Despite these challenges, now is the time for change. External market forces, improved customer experience, cyber-resiliency, and the ability to meet evolving regulatory requirements means that migration from legacy is no longer a ‘nice to have’. The pace of evolution in modern technology means that the longer organisations wait, the rate at which challengers outstrip them will only accelerate. Migration projects are as challenging as they ever were; however, it is now possible to employ migration strategies that allow a phased process, making them easier to manage from a risk mitigation perspective. Any remaining reasons to delay are now massively outweighed by the reasons to proceed with migration – frankly, it’s now imperative.

The pivotal role of leadership

That’s not to say that all modernisation programmes are a success; research from McKinsey indicates that over 70% of digital transformation projects fall short of their goals. There is a range of factors to this, but a common recurring theme is ineffective leadership. Without leaders capable of reimagining these structures and securing buy-in from the workforce, digital transformation initiatives are always likely to encounter issues.

However, in the context of digital transformation, leadership is more than just guiding an organisation through technology adoption. These individuals are responsible for setting the tone and direction for change, building a sense of urgency, and ensuring that the everyone understands the purpose behind the transformation. Remembering the quote attributed to Peter Drucker, culture eats strategy for lunch.  The best managers will be able to set a clear vision for change and convey palpably how it will benefit customers and colleagues. They will also be adept at fostering a more agile culture, encouraging collaboration and a sense of continuous learning across teams. To horribly torture Drucker’s famous statement, if strategy is lunch, leaders need to make sure culture is the breakfast of champions.

There’s a form of culture that’s more than “the way we do things here”. It’s something that’s baked in; the structural risk aversion that often critically undermines the change programmes organisations set out to deliver. It doesn’t matter how many digital experts an institution hires to lead the way into a digital future if outdated governance approaches fetter initiatives before they can get out of the starting blocks.
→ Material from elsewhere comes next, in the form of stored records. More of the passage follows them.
(* Let $\alpha\in(0,1)$. There is a constant $C$ depending only on $\alpha$ such that for all $f_1,f_2\in\mathcal V_1$, $$|c(f_1)-c(f_2)|\le C\,\|\rho(f_1-f_2)\|_{L^\infty}^{1-\alpha}.$$
   Context: Fix $\alpha\in(0,1)$ and set $c_{1,\alpha}=\frac{2^{2\alpha-1}\Gamma(\frac12+\alpha)}{\sqrt{\pi}\,\Gamma(1-\alpha)}$. Let $\rho(x)=(1+|x|)^{-\alpha}$ and $\mathcal V_0=\{f\in C(\mathbb{R}): f\text{ even},\ \|\rho f\|_{L^\infty}<\infty\}$. Let $\eta=2\left(\frac{3}{2(3-2\alpha)(5-2\alpha)(1+4^{\alpha})}\right)^{1/\min(\alpha,1-\alpha)}$. $\mathcal V_1$ is the set of $f\in\mathcal V_0$ such that $f(0)=1$; $f\ge0$ and $f$ is non-increasing on $[0,\infty)$; $x\mapsto f(\sqrt x)$ is convex on $[0,\infty)$; $f(x)\ge\max(0,1-x^2)$ for all $x$; and $f'_-(1/2)\le-\eta$. For $f\in\mathcal V_1$, $c(f)=\frac{2\alpha(1+2\alpha)}{3}c_{1,\alpha}\int_0^\infty\frac{1-f(\xi)}{\xi^{1+2\alpha}}\,d\xi$. *)

theory Defs
  imports "HOL-Analysis.Analysis"
begin

definition c1 :: "real \<Rightarrow> real" where
  "c1 \<alpha> = 2 powr (2*\<alpha> - 1) * Gamma (1/2 + \<alpha>) / (sqrt pi * Gamma (1 - \<alpha>))"

definition rho :: "real \<Rightarrow> real \<Rightarrow> real" where
  "rho \<alpha> x = (1 + \<bar>x\<bar>) powr (- \<alpha>)"

definition V0 :: "real \<Rightarrow> (real \<Rightarrow> real) set" where
  "V0 \<alpha> = {f. continuous_on UNIV f \<and> (\<forall>x. f (-x) = f x)
              \<and> (\<exists>B. \<forall>x. \<bar>rho \<alpha> x * f x\<bar> \<le> B)}"

definition eta :: "real \<Rightarrow> real" where
  "eta \<alpha> = 2 * (3 / (2 * (3 - 2*\<alpha>) * (5 - 2*\<alpha>) * (1 + 4 powr \<alpha>)))
                 powr (1 / min \<alpha> (1 - \<alpha>))"

definition has_left_deriv :: "(real \<Rightarrow> real) \<Rightarrow> real \<Rightarrow> real \<Rightarrow> bool" where
  "has_left_deriv f a d \<longleftrightarrow> ((\<lambda>h. (f a - f (a - h)) / h) \<longlongrightarrow> d) (at_right 0)"

definition V1 :: "real \<Rightarrow> (real \<Rightarrow> real) set" where
  "V1 \<alpha> = {f \<in> V0 \<alpha>. f 0 = 1
      \<and> (\<forall>x\<ge>0. f x \<ge> 0)
      \<and> (\<forall>x y. 0 \<le> x \<longrightarrow> x \<le> y \<longrightarrow> f y \<le> f x)
      \<and> convex_on {0..} (\<lambda>x. f (sqrt x))
      \<and> (\<forall>x. f x \<ge> max 0 (1 - x^2))
      \<and> (\<exists>d. has_left_deriv f (1/2) d \<and> d \<le> - eta \<alpha>)}"

definition cf :: "real \<Rightarrow> (real \<Rightarrow> real) \<Rightarrow> real" where
  "cf \<alpha> f = 2 * \<alpha> * (1 + 2*\<alpha>) / 3 * c1 \<alpha> *
      (LINT \<xi>:{0<..}|lborel. (1 - f \<xi>) / \<xi> powr (1 + 2*\<alpha>))"

definition weighted_sup_norm :: "real \<Rightarrow> (real \<Rightarrow> real) \<Rightarrow> real" where
  "weighted_sup_norm \<alpha> g = (SUP x. \<bar>rho \<alpha> x * g x\<bar>)"

end

theory Submission
  imports Defs
begin

text \<open>
  Every \<open>f \<in> V1 \<alpha>\<close> lies between \<open>max 0 (1 - \<xi>\<^sup>2)\<close> and \<open>1\<close>. Hence for \<open>f1, f2 \<in> V1 \<alpha>\<close>
  the difference \<open>f1 - f2\<close> is bounded both by \<open>\<xi>\<^sup>2\<close> and, if \<open>\<delta> \<le> 1\<close> is the weighted sup norm
  of \<open>f1 - f2\<close>, by \<open>\<delta> (1 + \<xi>) powr \<alpha> \<le> \<delta> (1 + \<xi> powr \<alpha>)\<close>. Splitting the integral of
  \<open>(f1 - f2)(\<xi>) / \<xi> powr (1 + 2\<alpha>)\<close> at \<open>\<xi> = sqrt \<delta>\<close> and using the first bound below and the
  second above the split point, each piece is \<open>O(\<delta> powr (1 - \<alpha>))\<close>.
\<close>

lemma powr_add_le_add_powr:
  fixes a b p :: real
  assumes "0 \<le> a" "0 \<le> b" "0 \<le> p" "p \<le> 1"
  shows "(a + b) powr p \<le> a powr p + b powr p"
proof (cases "a + b = 0")
  case True
  then show ?thesis using assms by simp
next
  case False
  then have s: "0 < a + b" using assms by linarith
  have le_powr: "x \<le> x powr p" if "0 \<le> x" "x \<le> 1" for x :: real
    using powr_mono'[of p 1 x] that assms by simp
  have "(a + b) powr p = (a + b) powr p * (a / (a + b) + b / (a + b))"
    using s by (simp add: add_divide_distrib[symmetric])
  also have "\<dots> \<le> (a + b) powr p * ((a / (a + b)) powr p + (b / (a + b)) powr p)"
    using s assms by (intro mult_left_mono add_mono le_powr) auto
  also have "\<dots> = a powr p + b powr p"
    using s assms by (simp add: powr_divide distrib_left)
  finally show ?thesis .
qed

lemma has_integral_powr_from_0_open:
  fixes a t :: real
  assumes "-1 < a" "0 \<le> t"
  shows "((\<lambda>x. x powr a) has_integral t powr (a + 1) / (a + 1)) {0<..t}"
proof (rule has_integral_spike_set_eq[THEN iffD1, OF _ _ has_integral_powr_from_0[OF assms]])
  show "negligible {x \<in> {0..t} - {0<..t}. x powr a \<noteq> 0}"
    by (rule negligible_subset[of "{0}"]) auto
  show "negligible {x \<in> {0<..t} - {0..t}. x powr a \<noteq> 0}"
    by (rule negligible_subset[of "{}"]) auto
qed

lemma has_integral_powr_majorant:
  fixes \<alpha> t A B :: real
  assumes \<alpha>: "0 < \<alpha>" "\<alpha> < 1" and t: "0 < t"
  shows "((\<lambda>x. (if x \<in> {0<..t} then x powr (1 - 2*\<alpha>) else 0)
              + (if x \<in> {t..} then A * x powr (-1 - 2*\<alpha>) + B * x powr (-1 - \<alpha>) else 0))
          has_integral t powr (2 - 2*\<alpha>) / (2 - 2*\<alpha>) + A * (t powr (-2*\<alpha>) / (2*\<alpha>))
                       + B * (t powr (-\<alpha>) / \<alpha>)) {0<..}"
proof -
  have near: "((\<lambda>x. x powr (1 - 2*\<alpha>)) has_integral t powr (2 - 2*\<alpha>) / (2 - 2*\<alpha>)) {0<..t}"
    using has_integral_powr_from_0_open[of "1 - 2*\<alpha>" t] \<alpha> t by (simp add: algebra_simps)
  have far1: "((\<lambda>x. x powr (-1 - 2*\<alpha>)) has_integral t powr (-2*\<alpha>) / (2*\<alpha>)) {t..}"
    using has_integral_powr_to_inf[of "-1 - 2*\<alpha>" t] \<alpha> t by simp
  have far2: "((\<lambda>x. x powr (-1 - \<alpha>)) has_integral t powr (-\<alpha>) / \<alpha>) {t..}"
    using has_integral_powr_to_inf[of "-1 - \<alpha>" t] \<alpha> t by simp
  have far: "((\<lambda>x. A * x powr (-1 - 2*\<alpha>) + B * x powr (-1 - \<alpha>)) has_integral
              A * (t powr (-2*\<alpha>) / (2*\<alpha>)) + B * (t powr (-\<alpha>) / \<alpha>)) {t..}"
    by (intro has_integral_add has_integral_mult_right far1 far2)
  have "((\<lambda>x. if x \<in> {0<..t} then x powr (1 - 2*\<alpha>) else 0) has_integral
          t powr (2 - 2*\<alpha>) / (2 - 2*\<alpha>)) {0<..}"
    using near by (subst has_integral_restrict) auto
  moreover have "((\<lambda>x. if x \<in> {t..} then A * x powr (-1 - 2*\<alpha>) + B * x powr (-1 - \<alpha>) else 0)
      has_integral A * (t powr (-2*\<alpha>) / (2*\<alpha>)) + B * (t powr (-\<alpha>) / \<alpha>)) {0<..}"
    using far t by (subst has_integral_restrict) auto
  ultimately show ?thesis
    by (simp only: add.assoc has_integral_add)
qed

lemma abs_div_powr_le_majorant:
  fixes d :: "real \<Rightarrow> real"
  assumes \<alpha>: "0 \<le> \<alpha>" "\<alpha> \<le> 1" and \<delta>: "0 \<le> \<delta>" and x: "0 < x"
    and quad: "\<bar>d x\<bar> \<le> x\<^sup>2" and weighted: "\<bar>d x\<bar> \<le> \<delta> * (1 + x) powr \<alpha>"
  shows "\<bar>d x / x powr (1 + 2*\<alpha>)\<bar> \<le> (if x \<in> {0<..t} then x powr (1 - 2*\<alpha>) else 0)
           + (if x \<in> {t..} then \<delta> * x powr (-1 - 2*\<alpha>) + \<delta> * x powr (-1 - \<alpha>) else 0)"
proof -
  have p: "0 < x powr (1 + 2*\<alpha>)" using x by simp
  have lhs: "\<bar>d x / x powr (1 + 2*\<alpha>)\<bar> = \<bar>d x\<bar> / x powr (1 + 2*\<alpha>)"
    using p by simp
  show ?thesis
  proof (cases "x \<le> t")
    case True
    have "\<bar>d x\<bar> / x powr (1 + 2*\<alpha>) \<le> x powr 2 / x powr (1 + 2*\<alpha>)"
      using quad p x by (intro divide_right_mono) (auto simp: powr_numeral)
    also have "\<dots> = x powr (1 - 2*\<alpha>)"
      by (simp add: powr_diff[symmetric] algebra_simps)
    moreover have "0 \<le> \<delta> * x powr (-1 - 2*\<alpha>) + \<delta> * x powr (-1 - \<alpha>)"
      using \<delta> by simp
    ultimately show ?thesis using True x lhs by auto
  next
    case False
    have "\<bar>d x\<bar> \<le> \<delta> * (1 + x) powr \<alpha>" by (rule weighted)
    also have "\<dots> \<le> \<delta> * (1 + x powr \<alpha>)"
      using powr_add_le_add_powr[of 1 x \<alpha>] x \<alpha> \<delta> by (intro mult_left_mono) simp_all
    finally have "\<bar>d x\<bar> / x powr (1 + 2*\<alpha>) \<le> \<delta> * (1 + x powr \<alpha>) / x powr (1 + 2*\<alpha>)"
      using p by (intro divide_right_mono) auto
    also have "\<dots> = \<delta> * x powr (-1 - 2*\<alpha>) + \<delta> * x powr (-1 - \<alpha>)"
      using x by (simp add: field_simps flip: powr_add)
    finally show ?thesis using False x lhs by auto
  qed
qed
Leaders need to be given the scope to propose new approaches to investing in infrastructure – ones that not only balance investment in legacy modernisation with investment in innovation, but which allow the two to work in symbiosis.  

Fundamentally, culture should not be allowed to eat innovation for lunch; leaders need to be free to keep pace with innovation beyond the ‘walls’ of their institution – free indeed to conceive of those walls breaking down as the banking ecosystem of the future takes shape.